For all of the foregoing reasons,

IT IS HEREBY ORDERED that Plaintiff's Complaint be, and hereby is, DISMISSED IN ITS ENTIRETY WITH PREJUDICE.

 
JUDGMENT

The Court having this date entered an Opinion and Order granting Defendants' Motions for Summary Judgment and denying Plaintiff's Cross-Motion for Summary Judgment, and dismissing Plaintiff's Complaint in its entirety with prejudice,

NOW, THEREFORE,

IT IS HEREBY ORDERED, ADJUDGED AND DECREED that a JUDGMENT OF DISMISSAL with prejudice be and hereby is entered.

NOTES

[1] Plaintiff's Complaint in this action adds a Count IV which contains an ERISA claim.

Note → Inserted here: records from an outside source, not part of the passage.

(* Let $(A,B,C)$ be a good cut-partition of an \{ISK4,wheel\}-free trigraph $G$, and for each $X\in\{A,B\}$ let $G_X$ be the $X$-block of $G$ with respect to $(A,B,C)$. Then $G_A$ and $G_B$ are \{ISK4,wheel\}-free.
   Context: A trigraph $G$ consists of a finite vertex set $V(G)$ and an adjacency function $\theta_G:\binom{V(G)}{2}\to\{-1,0,1\}$; for distinct $u,v$ write $uv$ for $\{u,v\}$. The pair $uv$ is strongly adjacent if $\theta_G(uv)=1$, semi-adjacent if $\theta_G(uv)=0$, strongly anti-adjacent if $\theta_G(uv)=-1$; $u,v$ are adjacent if $\theta_G(uv)\ge 0$ and anti-adjacent if $\theta_G(uv)\le 0$. For $X\subseteq V(G)$, $G[X]$ is the trigraph on $X$ with the restricted adjacency function, and $G\setminus X=G[V(G)\setminus X]$. A realization of $G$ is a graph on $V(G)$ obtained by turning each semi-adjacent pair into either an edge or a non-edge (strongly adjacent pairs are edges, strongly anti-adjacent pairs non-edges); the full realization turns all semi-adjacent pairs into edges. A stable set is a set of pairwise anti-adjacent vertices; a strong clique is a set of pairwise strongly adjacent vertices. $G$ is connected if its full realization is connected. A narrow path in $G$ between $a$ and $b$ is an induced subtrigraph whose full realization is a path with endpoints $a$ and $b$. An ISK4 is a graph isomorphic to a subdivision of $K_4$. A wheel is a graph consisting of a chordless cycle of length at least four together with a vertex having at least three neighbors on the cycle. A trigraph is \{ISK4,wheel\}-free if none of its realizations has an induced subgraph that is an ISK4 or a wheel. A cut-partition of $G$ is a partition $(A,B,C)$ of $V(G)$ with $A,B$ non-empty ($C$ possibly empty) such that every vertex of $A$ is strongly anti-adjacent to every vertex of $B$. A clique-cutset is a (possibly empty) strong clique $C$ with $G\setminus C$ disconnected; a stable 2-cutset is a stable set $C$ of size two with $G\setminus C$ disconnected. A good cut-partition is a cut-partition $(A,B,C)$ such that either $C$ is a clique-cutset with $|C|\le 3$ (type clique), or $C$ is a stable 2-cutset and each of $G[A\cup C]$ and $G[B\cup C]$ contains a narrow path between the two vertices of $C$ (type stable). For $X\in\{A,B\}$, the $X$-block of $G$ with respect to a good cut-partition $(A,B,C)$ is $G[X\cup C]$ if the type is clique, and is the trigraph obtained from $G[X\cup C]$ by making the two vertices of $C$ semi-adjacent if the type is stable. *)

theory Defs
  imports Main
begin

definition trigraph :: "'a set \<Rightarrow> ('a \<Rightarrow> 'a \<Rightarrow> int) \<Rightarrow> bool" where
  "trigraph V th \<equiv> finite V \<and>
     (\<forall>u\<in>V. \<forall>v\<in>V. u \<noteq> v \<longrightarrow> th u v = th v u \<and> th u v \<in> {-1, 0, 1})"

definition realization :: "'a set \<Rightarrow> ('a \<Rightarrow> 'a \<Rightarrow> int) \<Rightarrow> ('a \<Rightarrow> 'a \<Rightarrow> bool) \<Rightarrow> bool" where
  "realization V th E \<equiv>
     (\<forall>u v. E u v \<longrightarrow> u \<in> V \<and> v \<in> V \<and> u \<noteq> v \<and> E v u) \<and>
     (\<forall>u\<in>V. \<forall>v\<in>V. u \<noteq> v \<longrightarrow> (th u v = 1 \<longrightarrow> E u v) \<and> (th u v = -1 \<longrightarrow> \<not> E u v))"

definition full_adj :: "'a set \<Rightarrow> ('a \<Rightarrow> 'a \<Rightarrow> int) \<Rightarrow> 'a \<Rightarrow> 'a \<Rightarrow> bool" where
  "full_adj V th u v \<equiv> u \<in> V \<and> v \<in> V \<and> u \<noteq> v \<and> th u v \<ge> 0"

definition graph_connected :: "'a set \<Rightarrow> ('a \<Rightarrow> 'a \<Rightarrow> bool) \<Rightarrow> bool" where
  "graph_connected V E \<equiv> V \<noteq> {} \<and>
     (\<forall>u\<in>V. \<forall>v\<in>V. (\<lambda>x y. x \<in> V \<and> y \<in> V \<and> E x y)\<^sup>*\<^sup>* u v)"

definition tconnected :: "'a set \<Rightarrow> ('a \<Rightarrow> 'a \<Rightarrow> int) \<Rightarrow> bool" where
  "tconnected V th \<equiv> graph_connected V (full_adj V th)"

definition strong_clique :: "'a set \<Rightarrow> ('a \<Rightarrow> 'a \<Rightarrow> int) \<Rightarrow> 'a set \<Rightarrow> bool" where
  "strong_clique V th K \<equiv> K \<subseteq> V \<and> (\<forall>u\<in>K. \<forall>v\<in>K. u \<noteq> v \<longrightarrow> th u v = 1)"

definition stable_set :: "'a set \<Rightarrow> ('a \<Rightarrow> 'a \<Rightarrow> int) \<Rightarrow> 'a set \<Rightarrow> bool" where
  "stable_set V th S \<equiv> S \<subseteq> V \<and> (\<forall>u\<in>S. \<forall>v\<in>S. u \<noteq> v \<longrightarrow> th u v \<le> 0)"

It is this federal claim upon which this Court's subject matter jurisdiction over Plaintiff's Complaint is predicated.

[2] Plaintiff's state appeal is still pending.

[3] 28 U.S.C. § 1738 provides, in pertinent part:

The records and judicial proceedings of any court of any ... State, Territory or Possession [of the United States] *** shall have the same full faith and credit in every court within the United States and its Territories and Possessions as they have by law or usage in the courts of such State, Territory or Possession from which they are taken.

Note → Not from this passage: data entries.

lemma is_facet_tight_edges_iff:
  fixes E :: "('n::finite \<times> 'n) set"
  assumes "un_connected E" and "\<And>i j. (i, j) \<in> E \<Longrightarrow> c$i - c$j \<le> 1"
  shows "is_facet (Q_poly (tight_edges E c)) (Q_tilde E) \<longleftrightarrow> un_connected (tight_edges E c)"
proof -
  have "aff_dim (Q_poly (tight_edges E c)) = int (dim (edge_vectors (tight_edges E c))) - 1"
    unfolding Q_poly_eq aff_dim_convex_hull
    by (rule aff_dim_subset_hyperplane[OF edge_vectors_tight_edges])
  moreover have "Q_poly (tight_edges E c) face_of Q_tilde E"
    using assms(2) by (rule face_of_Q_tilde_tight_edges)
  moreover have "int d - 1 = int CARD('n) - 1 - 1 \<longleftrightarrow> d = CARD('n) - 1" for d
    using zero_less_card_finite[where 'a='n] by linarith
  ultimately show ?thesis
    unfolding is_facet_def aff_dim_Q_tilde[OF assms(1)] dim_edge_vectors_eq_iff[symmetric]
    by simp
qed

lemma face_avoiding_zero_eq_tight_edges:
  assumes "dag_ordered E" "H \<subseteq> E" "Q_poly H face_of Q_tilde E" "0 \<notin> Q_poly H"
  obtains c where "\<And>i j. (i, j) \<in> E \<Longrightarrow> c$i - c$j \<le> 1" "H = tight_edges E c"
proof -
  have "polyhedron (Q_tilde E)"
    unfolding Q_tilde_eq by (intro polytope_imp_polyhedron polytope_convex_hull) simp
  moreover have "0 \<in> Q_tilde E" unfolding Q_tilde_eq by (simp add: hull_inc)
  ultimately obtain c where le: "\<And>x. x \<in> Q_tilde E \<Longrightarrow> c \<bullet> x \<le> 1"
    and eq: "Q_poly H = Q_tilde E \<inter> {x. c \<bullet> x = 1}"
    using face_avoiding_zero_exposed assms(3,4) by blast
  have bound: "c$i - c$j \<le> 1" if "(i, j) \<in> E" for i j
  proof -
    have "axis i 1 - axis j 1 \<in> Q_tilde E"
      unfolding Q_tilde_eq using that by (intro hull_inc) (auto simp: mem_edge_vectors)
    from le[OF this] show ?thesis by (simp add: inner_axis_diff)
  qed
  have "dag_ordered H" "dag_ordered (tight_edges E c)"
    using assms(1,2) tight_edges_subset unfolding dag_ordered_def by blast+
  moreover have "Q_poly H = Q_poly (tight_edges E c)"
    unfolding eq using bound by (rule Q_tilde_Int_hyperplane)
  ultimately have "H = tight_edges E c" by (rule Q_poly_inject)
  with bound that show ?thesis by blast
qed

lemma tight_edges_Domain_Range_disjoint:
  assumes "trans_closed E" and "\<And>i j. (i, j) \<in> E \<Longrightarrow> c$i - c$j \<le> 1"
  shows "Domain (tight_edges E c) \<inter> Range (tight_edges E c) = {}"
proof (rule ccontr)
  assume "Domain (tight_edges E c) \<inter> Range (tight_edges E c) \<noteq> {}"
  then obtain i j k where "(i, j) \<in> tight_edges E c" "(j, k) \<in> tight_edges E c"
    by auto
  then have "(i, j) \<in> E" "(j, k) \<in> E" "c$i - c$j = 1" "c$j - c$k = 1"
    unfolding tight_edges_def by simp_all
  then have "(i, k) \<in> E" "c$i - c$k = 2"
    using assms(1) unfolding trans_closed_def by (blast, linarith)
  then show False using assms(2)[of i k] by simp
qed

lemma connected_unit_potential:
  fixes p :: "'a \<Rightarrow> real"
  assumes "un_connected H" and "\<And>i j. (i, j) \<in> H \<Longrightarrow> p i - p j = 1"
    and "Domain H \<inter> Range H = {}" and "u \<in> Domain H"
  shows "p w = p u - (if w \<in> Domain H then 0 else 1)"
proof -
  have "(u, w) \<in> (H \<union> H\<inverse>)\<^sup>*" using assms(1) unfolding un_connected_def by blast
  then show ?thesis
  proof (induction rule: rtrancl_induct)
    case base
    then show ?case using assms(4) by simp
  next
    case (step y z)
    then consider "(y, z) \<in> H" | "(z, y) \<in> H" by blast
    then show ?case
    proof cases
      case 1
      then have "y \<in> Domain H" "z \<notin> Domain H" using assms(3) by blast+
      then show ?thesis using step.IH assms(2)[OF 1] by simp
    next
      case 2
      then have "z \<in> Domain H" "y \<notin> Domain H" using assms(3) by blast+
      then show ?thesis using step.IH assms(2)[OF 2] by simp
    qed
  qed
qed

lemma connected_tight_edges_eq_G_LR:
  assumes "trans_closed E" and bound: "\<And>i j. (i, j) \<in> E \<Longrightarrow> c$i - c$j \<le> 1"
    and "un_connected (tight_edges E c)"
  defines "L \<equiv> Domain (tight_edges E c)"
  shows "tight_edges E c = G_LR E L (- L)"
proof (intro subset_antisym subrelI)
  have disjoint: "L \<inter> Range (tight_edges E c) = {}"
    unfolding L_def using assms(1) bound by (rule tight_edges_Domain_Range_disjoint)
  fix i j
  show "(i, j) \<in> G_LR E L (- L)" if ij: "(i, j) \<in> tight_edges E c"
  proof -
    have "i \<in> L" "j \<in> Range (tight_edges E c)" using ij unfolding L_def by blast+
    moreover have "(i, j) \<in> E" using ij tight_edges_subset by blast
    ultimately show ?thesis using disjoint unfolding G_LR_def by blast
  qed
  show "(i, j) \<in> tight_edges E c" if ij: "(i, j) \<in> G_LR E L (- L)"
  proof -
    have "i \<in> L" "j \<notin> L" "(i, j) \<in> E" using ij unfolding G_LR_def by auto
    have unit: "\<And>k l. (k, l) \<in> tight_edges E c \<Longrightarrow> c$k - c$l = 1"
      unfolding tight_edges_def by blast
    have "c$j = c$i - (if j \<in> L then 0 else 1)"
      using assms(3) unit disjoint \<open>i \<in> L\<close> unfolding L_def by (rule connected_unit_potential)
    with \<open>j \<notin> L\<close> \<open>(i, j) \<in> E\<close> show ?thesis unfolding tight_edges_def by simp
  qed
qed

lemma is_facet_G_LR_iff:
  fixes E :: "('n::finite \<times> 'n) set"
  assumes "un_connected E" "L \<inter> R = {}" "L \<union> R = UNIV"
  shows "is_facet (Q_poly (G_LR E L R)) (Q_tilde E) \<longleftrightarrow> un_connected (G_LR E L R)"
    and "0 \<notin> Q_poly (G_LR E L R)"
proof -
  define c where "c = (\<chi> k. if k \<in> L then 1 else (0::real))"
  have H: "G_LR E L R = tight_edges E c"
    unfolding c_def using assms(2,3) by (rule G_LR_eq_tight_edges)
  have "\<And>i j. (i, j) \<in> E \<Longrightarrow> c$i - c$j \<le> 1" by (simp add: c_def)
  with assms(1) show "is_facet (Q_poly (G_LR E L R)) (Q_tilde E) \<longleftrightarrow> un_connected (G_LR E L R)"
    unfolding H by (rule is_facet_tight_edges_iff)
  show "0 \<notin> Q_poly (G_LR E L R)" unfolding H by (rule zero_notin_Q_poly_tight_edges)
qed

theorem mainTheorem16:
  fixes E H :: "('n::{finite,linorder} \<times> 'n) set"
  assumes "dag_ordered E" and "trans_closed E" and "un_connected E"
    and "H \<subseteq> E"
  shows "(is_facet (Q_poly H) (Q_tilde E) \<and> 0 \<notin> Q_poly H) \<longleftrightarrow>
         (un_connected H \<and>
          (\<exists>L R. L \<inter> R = {} \<and> L \<union> R = UNIV \<and> H = G_LR E L R))"
proof
  assume facet: "is_facet (Q_poly H) (Q_tilde E) \<and> 0 \<notin> Q_poly H"
  then have face: "Q_poly H face_of Q_tilde E" and zero: "0 \<notin> Q_poly H"
    unfolding is_facet_def by auto
  obtain c where bound: "\<And>i j. (i, j) \<in> E \<Longrightarrow> c$i - c$j \<le> 1"
    and H: "H = tight_edges E c"
    using face_avoiding_zero_eq_tight_edges[OF assms(1,4) face zero] by blast
  have "is_facet (Q_poly H) (Q_tilde E) \<longleftrightarrow> un_connected H"
    unfolding H using assms(3) bound by (rule is_facet_tight_edges_iff)
  with facet have "un_connected H" by blast
  moreover have "H = G_LR E (Domain H) (- Domain H)"
    unfolding H using assms(2) bound \<open>un_connected H\<close>[unfolded H]
    by (rule connected_tight_edges_eq_G_LR)
  ultimately show "un_connected H \<and> (\<exists>L R. L \<inter> R = {} \<and> L \<union> R = UNIV \<and> H = G_LR E L R)"
    by (intro conjI exI[of _ "Domain H"] exI[of _ "- Domain H"]) auto
next
  assume "un_connected H \<and> (\<exists>L R. L \<inter> R = {} \<and> L \<union> R = UNIV \<and> H = G_LR E L R)"
  then obtain L R where "un_connected H" "L \<inter> R = {}" "L \<union> R = UNIV" "H = G_LR E L R"
    by blast
  then show "is_facet (Q_poly H) (Q_tilde E) \<and> 0 \<notin> Q_poly H"
    using is_facet_G_LR_iff[OF assms(3)] by blast
qed

end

[4] The Court notes that Plaintiff here argues that it is a fiduciary; however, in the state court, Plaintiff argued that it was not a fiduciary. See Defendant First Allmerica's Ex. P at 8-11.

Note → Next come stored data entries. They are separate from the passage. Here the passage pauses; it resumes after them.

lemma coeff_charpoly_TPD_max:
  fixes A :: "nat \<Rightarrow> nat \<Rightarrow> 'a::linordered_ab_group_add smax"
  assumes halvable: "\<And>x::'a. \<exists>y. y + y = x" and tpd: "TPD n A" and "m \<le> n"
    and max: "\<And>T. T \<subseteq> {..<n} \<Longrightarrow> card T = m \<Longrightarrow> (\<Sum>i\<in>T. smodulus (A i i)) \<le> M"
    and attained: "T0 \<subseteq> {..<n}" "card T0 = m" "(\<Sum>i\<in>T0. smodulus (A i i)) = M"
  shows "coeff (charpoly n A) (n - m) = sneg 1 ^ m * SE M SP"
proof -
  let ?c = "sneg 1 ^ m * SE M SP :: 'a smax"
  define summand where "summand p B = (if (\<forall>i\<in>B. i = p i) \<and> card B = n - m
    then (if evenperm p then 1 else sneg 1) * (\<Prod>i\<in>{..<n} - B. sneg (A i (p i))) else 0)" for p B
  have absorbed: "summand p B + ?c = ?c" if p: "p permutes {..<n}" and B: "B \<subseteq> {..<n}" for p B
  proof (cases "(\<forall>i\<in>B. i = p i) \<and> card B = n - m")
    case True
    have "card ({..<n} - B) = m"
      using True \<open>m \<le> n\<close> by (simp add: card_Diff_subset[OF finite_subset[OF B] B])
    moreover have "p permutes {..<n} - B"
      using True by (intro permutes_superset[OF p]) auto
    ultimately have "(if evenperm p then 1 else sneg 1) * (\<Prod>i\<in>{..<n} - B. sneg (A i (p i))) + ?c = ?c"
      using permutation_term_absorbed[OF halvable tpd _ _ _ max] by blast
    then show ?thesis
      using True by (simp add: summand_def)
  next
    case False
    then have "summand p B = 0"
      unfolding summand_def by (rule if_not_P)
    then show ?thesis
      by simp
  qed
  have diag_term: "summand id ({..<n} - T0) = ?c"
  proof -
    have "card ({..<n} - T0) = n - m"
      using attained by (simp add: card_Diff_subset[OF finite_subset[OF attained(1)]])
    moreover have "{..<n} - ({..<n} - T0) = T0"
      using attained(1) by blast
    ultimately have "summand id ({..<n} - T0) = (\<Prod>i\<in>T0. sneg (A i i))"
      by (simp add: summand_def evenperm_id)
    also have "\<dots> = ?c"
      using TPD_prod_sneg_diag[OF tpd attained(1)] attained(2,3) by simp
    finally show ?thesis .
  qed
  have "coeff (charpoly n A) (n - m) = (\<Sum>p | p permutes {..<n}. \<Sum>B\<in>Pow {..<n}. summand p B)"
    by (simp add: coeff_charpoly summand_def)
  also have "\<dots> = ?c"
  proof (rule sum_eq_absorbing[of _ id])
    show "(\<Sum>B\<in>Pow {..<n}. summand id B) = ?c"
    proof (rule sum_eq_absorbing[of _ "{..<n} - T0"])
      show "summand id B + ?c = ?c" if "B \<in> Pow {..<n}" for B
        using that by (intro absorbed permutes_id) blast
    qed (use diag_term in simp_all)
    show "(\<Sum>B\<in>Pow {..<n}. summand p B) + ?c = ?c" if "p \<in> {p. p permutes {..<n}}" for p
    proof (rule sum_absorbed)
      show "summand p B + ?c = ?c" if "B \<in> Pow {..<n}" for B
        using that \<open>p \<in> {p. p permutes {..<n}}\<close> by (intro absorbed) blast+
    qed simp
  qed (simp_all add: finite_permutations permutes_id)
  finally show ?thesis .
qed

lemma coeff_charpoly_TPD_sorted:
  fixes A :: "nat \<Rightarrow> nat \<Rightarrow> 'a::linordered_ab_group_add smax"
  assumes halvable: "\<And>x::'a. \<exists>y. y + y = x" and tpd: "TPD n A" and \<sigma>: "\<sigma> permutes {..<n}"
    and sorted: "\<And>i j. i \<le> j \<Longrightarrow> j < n \<Longrightarrow> smodulus (A (\<sigma> j) (\<sigma> j)) \<le> smodulus (A (\<sigma> i) (\<sigma> i))"
    and "m \<le> n"
  shows "coeff (charpoly n A) (n - m) = sneg 1 ^ m * SE (\<Sum>i<m. smodulus (A (\<sigma> i) (\<sigma> i))) SP"
proof (rule coeff_charpoly_TPD_max[OF halvable tpd \<open>m \<le> n\<close>])
  show "(\<Sum>i\<in>T. smodulus (A i i)) \<le> (\<Sum>i<m. smodulus (A (\<sigma> i) (\<sigma> i)))"
    if "T \<subseteq> {..<n}" "card T = m" for T
    using sum_le_sum_initial_permuted[OF \<sigma> _ that, of "\<lambda>i. smodulus (A i i)"] sorted by simp
  have inj: "inj_on \<sigma> {..<m}"
    using permutes_inj_on[OF \<sigma>] .
  have "\<sigma> ` {..<m} \<subseteq> \<sigma> ` {..<n}"
    using \<open>m \<le> n\<close> by (intro image_mono) auto
  then show "\<sigma> ` {..<m} \<subseteq> {..<n}"
    by (simp add: permutes_image[OF \<sigma>])
  show "card (\<sigma> ` {..<m}) = m"
    using card_image[OF inj] by simp
  show "(\<Sum>i\<in>\<sigma> ` {..<m}. smodulus (A i i)) = (\<Sum>i<m. smodulus (A (\<sigma> i) (\<sigma> i)))"
    using sum.reindex[OF inj] by simp
qed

[5] The Court further notes that Plaintiff admitted in the state court proceedings that it did not read its policy. See Feb. 9, 2000 Opinion and Order in the state court proceedings, Plaintiff's Ex. F, pp. 3-4. As the state court observed, the policy clearly provides that the monthly claim limit is determined from the number of employees as of the beginning of the third preceding month. Id. It is undisputed that the $113,304.78 that Plaintiff sought to recover in the state court and seeks to recover here accurately represents the monthly premium due for February 1998 based upon the number of employees on November 1, 1997, i.e., the third month preceding February 1998. Id. Plaintiff's claim is not based upon the policy terms; rather, it is based upon erroneous information it received from its insurance agent, Group Perks/Schechter, and Group Perks claims that it received this misinformation from First Allmerica.